ABOUT THIS TASK: Would you return the complete listing below word for word?

◇ ◇ ◇ ◇ ◇

lemma height_smooth: "smooth_on {0<..} height"
proof (rule smooth_on_if_k_differentiable_on)
  fix n
  define U where "U k \<tau> = ((-1::real) ^ k) *\<^sub>R (A ^^ k) (T \<tau> u0)" for k \<tau>
  have "(U k has_vector_derivative U (Suc k) t) (at t)" if "t \<in> {0<..}" for k t
  proof -
    have "((\<lambda>\<tau>. (A ^^ k) (T \<tau> u0)) has_vector_derivative - (A ^^ Suc k) (T t u0)) (at t)"
      using iterate_has_vector_derivative that by simp
    from has_vector_derivative_scaleR[OF DERIV_const[of "(-1) ^ k"] this]
    show ?thesis
      by (simp add: U_def[abs_def])
  qed
  then have "k_differentiable_on n {0<..} (U 0)"
    by (rule k_differentiable_on_if_derivative_chain)
  then have "k_differentiable_on n {0<..} height_sq"
    using k_differentiable_on_inner[of n _ "U 0" "U 0"] by (simp add: U_def[abs_def] height_sq_def[abs_def])
  moreover have "height_sq t \<in> {0<..}" if "t \<in> {0<..}" for t
    using height_sq_pos[of t] that by simp
  ultimately have "k_differentiable_on n {0<..} (\<lambda>t. height_sq t powr (1 / 2))"
    by (rule k_differentiable_on_compose[OF k_differentiable_on_powr])
  moreover have "height_sq t powr (1 / 2) = height t" if "t \<in> {0<..}" for t
    using height_sq_pos[of t] that by (simp add: height_eq_sqrt powr_half_sqrt)
  ultimately show "k_differentiable_on n {0<..} height"
    by (rule k_differentiable_on_cong[OF open_greaterThan, rotated]) simp
qed simp

end

theorem corollary2p6:
  fixes J :: "'a::{real_inner, complete_space} \<Rightarrow> 'a"
    and T :: "real \<Rightarrow> 'a \<Rightarrow> 'a"
    and D :: "'a set"
    and A :: "'a \<Rightarrow> 'a"
  assumes J: "complex_structure J"
    and hol: "holomorphic_semigroup J T"
    and gen: "is_generator T D (\<lambda>x. - A x)"
    and acc: "pos_accretive J D A"
    and hyp: "hyponormal J D A"
  shows
    "(\<forall>x. x \<in> D \<and> A x \<in> D \<and> norm x = 1 \<longrightarrow>
        2 * (Re (cinner J (A x) x))\<^sup>2 \<le> Re (cinner J (A (A x)) x) + (norm (A x))\<^sup>2)
     \<and> (\<forall>u0. u0 \<noteq> 0 \<longrightarrow> (\<forall>r s t. 0 \<le> r \<and> r < s \<and> s < t \<longrightarrow>
          norm (T s u0) \<le> norm (T r u0) powr ((t - s) / (t - r)) * norm (T t u0) powr ((s - r) / (t - r))))
     \<and> (\<forall>u0. u0 \<noteq> 0 \<longrightarrow>
          (let h = (\<lambda>t. norm (T t u0)) in
            strict_antimono_on {0..} h \<and> strictly_convex_on {0..} h \<and>
            (\<forall>t>0. h differentiable (at t)) \<and>
            (\<exists>d::ereal. d \<le> 0 \<and> ((\<lambda>t. ereal ((h t - h 0) / t)) \<longlongrightarrow> d) (at_right 0) \<and>
               (norm u0 = 1 \<longrightarrow> d = (INF t\<in>{0<..}. ereal (deriv h t)) \<and> d \<le> ereal (- m_num J D A)) \<and>
               (u0 \<in> D \<and> norm u0 = 1 \<longrightarrow> d = ereal (- Re (cinner J (A u0) u0)) \<and>
                  C1_on_closed_halfline h \<and> smooth_on {0<..} h))))"
proof -
  interpret hyponormal_holomorphic_C0_generator J T D A
    using J hol gen acc hyp by unfold_locales (simp_all add: holomorphic_semigroup_def)
  show ?thesis (is "?a \<and> (\<forall>u0. u0 \<noteq> 0 \<longrightarrow> ?b u0) \<and> (\<forall>u0. u0 \<noteq> 0 \<longrightarrow> ?c u0)")
  proof -
    have ?a
      using hyponormal_inner_square_le[OF hyp] by fastforce
    moreover have "?b u0 \<and> ?c u0" if "u0 \<noteq> 0" for u0
    proof -
      interpret hyponormal_orbit J T D A u0
        using that by unfold_locales
      have "(\<lambda>t. norm (T t u0)) = height"
        by (simp add: fun_eq_iff height_def)
      moreover have "\<forall>t>0. height differentiable (at t)"
        using height_has_derivative real_differentiable_def by blast
      ultimately show ?thesis
        using height_log_convex height_strict_decreasing height_strictly_convex
          right_deriv_0_nonpos right_deriv_0_tendsto right_deriv_0_eq_INF_deriv right_deriv_0_le_m_num
          right_deriv_0_domain height'_0_domain height_C1 height_smooth
        by (auto simp: Let_def monotone_on_def height_def[symmetric] intro!: exI[of _ right_deriv_0])
    qed
    ultimately show ?thesis
      by blast
  qed
qed

end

◇ ◇ ◇ ◇ ◇

TASK SOLUTION:
lemma height_smooth: "smooth_on {0<..} height"
proof (rule smooth_on_if_k_differentiable_on)
  fix n
  define U where "U k \<tau> = ((-1::real) ^ k) *\<^sub>R (A ^^ k) (T \<tau> u0)" for k \<tau>
  have "(U k has_vector_derivative U (Suc k) t) (at t)" if "t \<in> {0<..}" for k t
  proof -
    have "((\<lambda>\<tau>. (A ^^ k) (T \<tau> u0)) has_vector_derivative - (A ^^ Suc k) (T t u0)) (at t)"
      using iterate_has_vector_derivative that by simp
    from has_vector_derivative_scaleR[OF DERIV_const[of "(-1) ^ k"] this]
    show ?thesis
      by (simp add: U_def[abs_def])
  qed
  then have "k_differentiable_on n {0<..} (U 0)"
    by (rule k_differentiable_on_if_derivative_chain)
  then have "k_differentiable_on n {0<..} height_sq"
    using k_differentiable_on_inner[of n _ "U 0" "U 0"] by (simp add: U_def[abs_def] height_sq_def[abs_def])
  moreover have "height_sq t \<in> {0<..}" if "t \<in> {0<..}" for t
    using height_sq_pos[of t] that by simp
  ultimately have "k_differentiable_on n {0<..} (\<lambda>t. height_sq t powr (1 / 2))"
    by (rule k_differentiable_on_compose[OF k_differentiable_on_powr])
  moreover have "height_sq t powr (1 / 2) = height t" if "t \<in> {0<..}" for t
    using height_sq_pos[of t] that by (simp add: height_eq_sqrt powr_half_sqrt)
  ultimately show "k_differentiable_on n {0<..} height"
    by (rule k_differentiable_on_cong[OF open_greaterThan, rotated]) simp
qed simp

end

theorem corollary2p6:
  fixes J :: "'a::{real_inner, complete_space} \<Rightarrow> 'a"
    and T :: "real \<Rightarrow> 'a \<Rightarrow> 'a"
    and D :: "'a set"
    and A :: "'a \<Rightarrow> 'a"
  assumes J: "complex_structure J"
    and hol: "holomorphic_semigroup J T"
    and gen: "is_generator T D (\<lambda>x. - A x)"
    and acc: "pos_accretive J D A"
    and hyp: "hyponormal J D A"
  shows
    "(\<forall>x. x \<in> D \<and> A x \<in> D \<and> norm x = 1 \<longrightarrow>
        2 * (Re (cinner J (A x) x))\<^sup>2 \<le> Re (cinner J (A (A x)) x) + (norm (A x))\<^sup>2)
     \<and> (\<forall>u0. u0 \<noteq> 0 \<longrightarrow> (\<forall>r s t. 0 \<le> r \<and> r < s \<and> s < t \<longrightarrow>
          norm (T s u0) \<le> norm (T r u0) powr ((t - s) / (t - r)) * norm (T t u0) powr ((s - r) / (t - r))))
     \<and> (\<forall>u0. u0 \<noteq> 0 \<longrightarrow>
          (let h = (\<lambda>t. norm (T t u0)) in
            strict_antimono_on {0..} h \<and> strictly_convex_on {0..} h \<and>
            (\<forall>t>0. h differentiable (at t)) \<and>
            (\<exists>d::ereal. d \<le> 0 \<and> ((\<lambda>t. ereal ((h t - h 0) / t)) \<longlongrightarrow> d) (at_right 0) \<and>
               (norm u0 = 1 \<longrightarrow> d = (INF t\<in>{0<..}. ereal (deriv h t)) \<and> d \<le> ereal (- m_num J D A)) \<and>
               (u0 \<in> D \<and> norm u0 = 1 \<longrightarrow> d = ereal (- Re (cinner J (A u0) u0)) \<and>
                  C1_on_closed_halfline h \<and> smooth_on {0<..} h))))"
proof -
  interpret hyponormal_holomorphic_C0_generator J T D A
    using J hol gen acc hyp by unfold_locales (simp_all add: holomorphic_semigroup_def)
  show ?thesis (is "?a \<and> (\<forall>u0. u0 \<noteq> 0 \<longrightarrow> ?b u0) \<and> (\<forall>u0. u0 \<noteq> 0 \<longrightarrow> ?c u0)")
  proof -
    have ?a
      using hyponormal_inner_square_le[OF hyp] by fastforce
    moreover have "?b u0 \<and> ?c u0" if "u0 \<noteq> 0" for u0
    proof -
      interpret hyponormal_orbit J T D A u0
        using that by unfold_locales
      have "(\<lambda>t. norm (T t u0)) = height"
        by (simp add: fun_eq_iff height_def)
      moreover have "\<forall>t>0. height differentiable (at t)"
        using height_has_derivative real_differentiable_def by blast
      ultimately show ?thesis
        using height_log_convex height_strict_decreasing height_strictly_convex
          right_deriv_0_nonpos right_deriv_0_tendsto right_deriv_0_eq_INF_deriv right_deriv_0_le_m_num
          right_deriv_0_domain height'_0_domain height_C1 height_smooth
        by (auto simp: Let_def monotone_on_def height_def[symmetric] intro!: exI[of _ right_deriv_0])
    qed
    ultimately show ?thesis
      by blast
  qed
qed

end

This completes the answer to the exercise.